Between July and October of the current fiscal year, the government borrowed an average of BDT 129.52 billion per month from domestic sources. If this pace continues, domestic borrowing for the first seven months (July–January) of the fiscal year will total BDT 906.64 billion. Over the July–December period, foreign loan disbursements averaged BDT 21.84 billion per month. On that basis, foreign borrowing for the seven months would reach BDT 152.88 billion. This indicates total government borrowing from July to January will exceed BDT 1.05 trillion. Adding this to the total borrowed over the 11 months of FY 2024–25 exceeds BDT 4.31 trillion during the interim government’s 18-month tenure.
Dr Zahid Hussain, former lead economist at the World Bank’s Dhaka office, told journalists: “Given the state of the economy when the current interim government took charge, it had no option but to borrow to run the state. The government was compelled to take loans. Furthermore, several foreign loans have arrived conditional on reforms. Some of these reform programmes have been implemented, while others are midway. Ultimately, if these reforms are not completed, the intended purpose of the borrowing won’t be achieved. The government can claim it has managed to weather the economic crisis that had emerged, but it can’t be said to have achieved any major success worth celebrating.”

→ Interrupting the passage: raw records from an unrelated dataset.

lemma sum_indicator_mult_eq:
  assumes "finite S" "s \<in> S"
  shows "(\<Sum>x\<in>S. (if x = s then 1 else 0) * f x) = (f s :: real)"
proof -
  have "(\<Sum>x\<in>S. (if x = s then 1 else 0) * f x) = (\<Sum>x\<in>S. if x = s then f x else 0)"
    by (intro sum.cong) auto
  then show ?thesis
    using assms by simp
qed

lemma stationary_point_mass_absorbing:
  assumes "finite S" "s \<in> S" and "\<And>y. y \<in> S \<Longrightarrow> y \<noteq> s \<Longrightarrow> a s y = 0"
  shows "stationary S a (\<lambda>x. if x = s then 1 else 0)"
proof -
  have "generator S a W s = 0" for W
    unfolding generator_def using assms(3) by (intro sum.neutral) auto
  then show ?thesis
    using assms(1,2) by (simp add: stationary_def sum_indicator_mult_eq)
qed

text \<open>Censoring: the chain watched only while in F moves from x to y either directly or
through s, which gives the rates below; a stationary measure of it extends to the whole chain.\<close>

lemma stationary_censored:
  fixes a :: "'a \<Rightarrow> 'a \<Rightarrow> real" and F :: "'a set" and s :: 'a
  defines "A \<equiv> \<Sum>y\<in>F. a s y"
  assumes "finite F" "s \<notin> F" "A \<noteq> 0"
    and "stationary F (\<lambda>x y. a x y + a x s * a s y / A) \<mu>"
  shows "stationary (insert s F) a (\<mu>(s := (\<Sum>x\<in>F. \<mu> x * a x s) / A))"
  unfolding stationary_def
proof
  fix W
  define B where "B = generator F a W s"
  define a' where "a' x y = a x y + a x s * a s y / A" for x y
  have gen_insert: "generator (insert s F) a W x = generator F a W x + a x s * (W s - W x)" for x
    using assms(2,3) by (simp add: generator_def)
  have "generator F a' W x = generator F a W x + a x s / A * (\<Sum>y\<in>F. a s y * (W y - W x))" for x
  proof -
    have "generator F a' W x = (\<Sum>y\<in>F. a x y * (W y - W x) + a x s / A * (a s y * (W y - W x)))"
      unfolding generator_def a'_def by (intro sum.cong) (auto simp: algebra_simps diff_divide_distrib)
    then show ?thesis
      by (simp add: generator_def sum.distrib sum_distrib_left)
  qed
  moreover have "(\<Sum>y\<in>F. a s y * (W y - W x)) = B + A * (W s - W x)" for x
  proof -
    have "(\<Sum>y\<in>F. a s y * (W y - W x)) = (\<Sum>y\<in>F. a s y * (W y - W s) + a s y * (W s - W x))"
      by (intro sum.cong) (auto simp: algebra_simps)
    then show ?thesis
      unfolding B_def A_def generator_def by (simp add: sum.distrib sum_distrib_right)
  qed
  ultimately have "generator F a' W x = generator F a W x + a x s / A * (B + A * (W s - W x))" for x
    by simp
  then have gen_censored: "generator F a' W x = generator (insert s F) a W x + a x s * B / A" for x
    using assms(4) by (simp add: gen_insert field_simps)
  have "(\<Sum>x\<in>F. \<mu> x * generator (insert s F) a W x)
      = (\<Sum>x\<in>F. \<mu> x * generator F a' W x - \<mu> x * a x s / A * B)"
    by (intro sum.cong) (simp_all add: gen_censored algebra_simps)
  also have "\<dots> = (\<Sum>x\<in>F. \<mu> x * generator F a' W x) - (\<Sum>x\<in>F. \<mu> x * a x s) / A * B"
    by (simp add: sum_subtractf sum_divide_distrib sum_distrib_right)
  also have "(\<Sum>x\<in>F. \<mu> x * generator F a' W x) = 0"
    using assms(5) unfolding stationary_def a'_def by blast
  finally have "(\<Sum>x\<in>F. \<mu> x * generator (insert s F) a W x) = - ((\<Sum>x\<in>F. \<mu> x * a x s) / A * B)"
    by simp
  moreover have "generator (insert s F) a W s = B"
    using assms(2,3) by (simp add: generator_def B_def)
  moreover have "(\<Sum>x\<in>F. (\<mu>(s := c)) x * f x) = (\<Sum>x\<in>F. \<mu> x * f x)" for c f
    using assms(3) by (intro sum.cong) auto
  ultimately show "(\<Sum>x\<in>insert s F. (\<mu>(s := (\<Sum>x\<in>F. \<mu> x * a x s) / A)) x
      * generator (insert s F) a W x) = 0"
    using assms(2,3) by simp
qed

A large portion of the interim government’s borrowing has gone to operational costs, mainly government salaries and pensions, loan interest payments, and subsidies. In the 11 months from August to June of FY 2024–25, the government spent BDT 6.04 trillion. A further BDT 1.01 trillion was spent between July and September of 2025–26. Operational expenditure over this 14-month period totalled BDT 5.39 trillion, while development spending was BDT 1.65 trillion.
With monthly outlays averaging BDT 503.86 billion, total government expenditure over the full 18-month period is set to reach around BDT 9.06 trillion.
Professor Mustafizur Rahman, Distinguished Fellow at the private research organisation Centre for Policy Dialogue (CPD), told journalists: “Borrowing more than the Annual Development Programme (ADP) allocation means loans are being used to cover operational expenses beyond the development sector. This reflects the government is unable to raise revenue. Structural rigidities in spending further constrain options. About 80 percent of revenue expenditure goes on government salaries and pensions, loan interest and subsidies — these can’t be cut. Consequently, cost-cutting alone can’t balance the books. If revenue can’t be increased, borrowing becomes necessary, and if that fails, even operational expenses must be financed through loans.”
Asked where this rising debt trajectory leads, Professor Rahman said: “If stringent cost-saving measures had been implemented, borrowing might have been lower. But the interim government has not done this, making it harder for a political government to act later. For transparency, the government should clarify whether this large borrowing has funded development or operational spending. If loans have been used for operational costs, that would be a serious concern.”
Revenue collection has lagged behind the rise in government borrowing and expenditure. In the 11 months of FY 2024–25, the interim government collected BDT 4.1 trillion in revenue. NBR collected a further BDT 1.85 trillion between July and December of FY 2025–26. Total revenue in 17 months under the interim government now stands at BDT 5.95 trillion.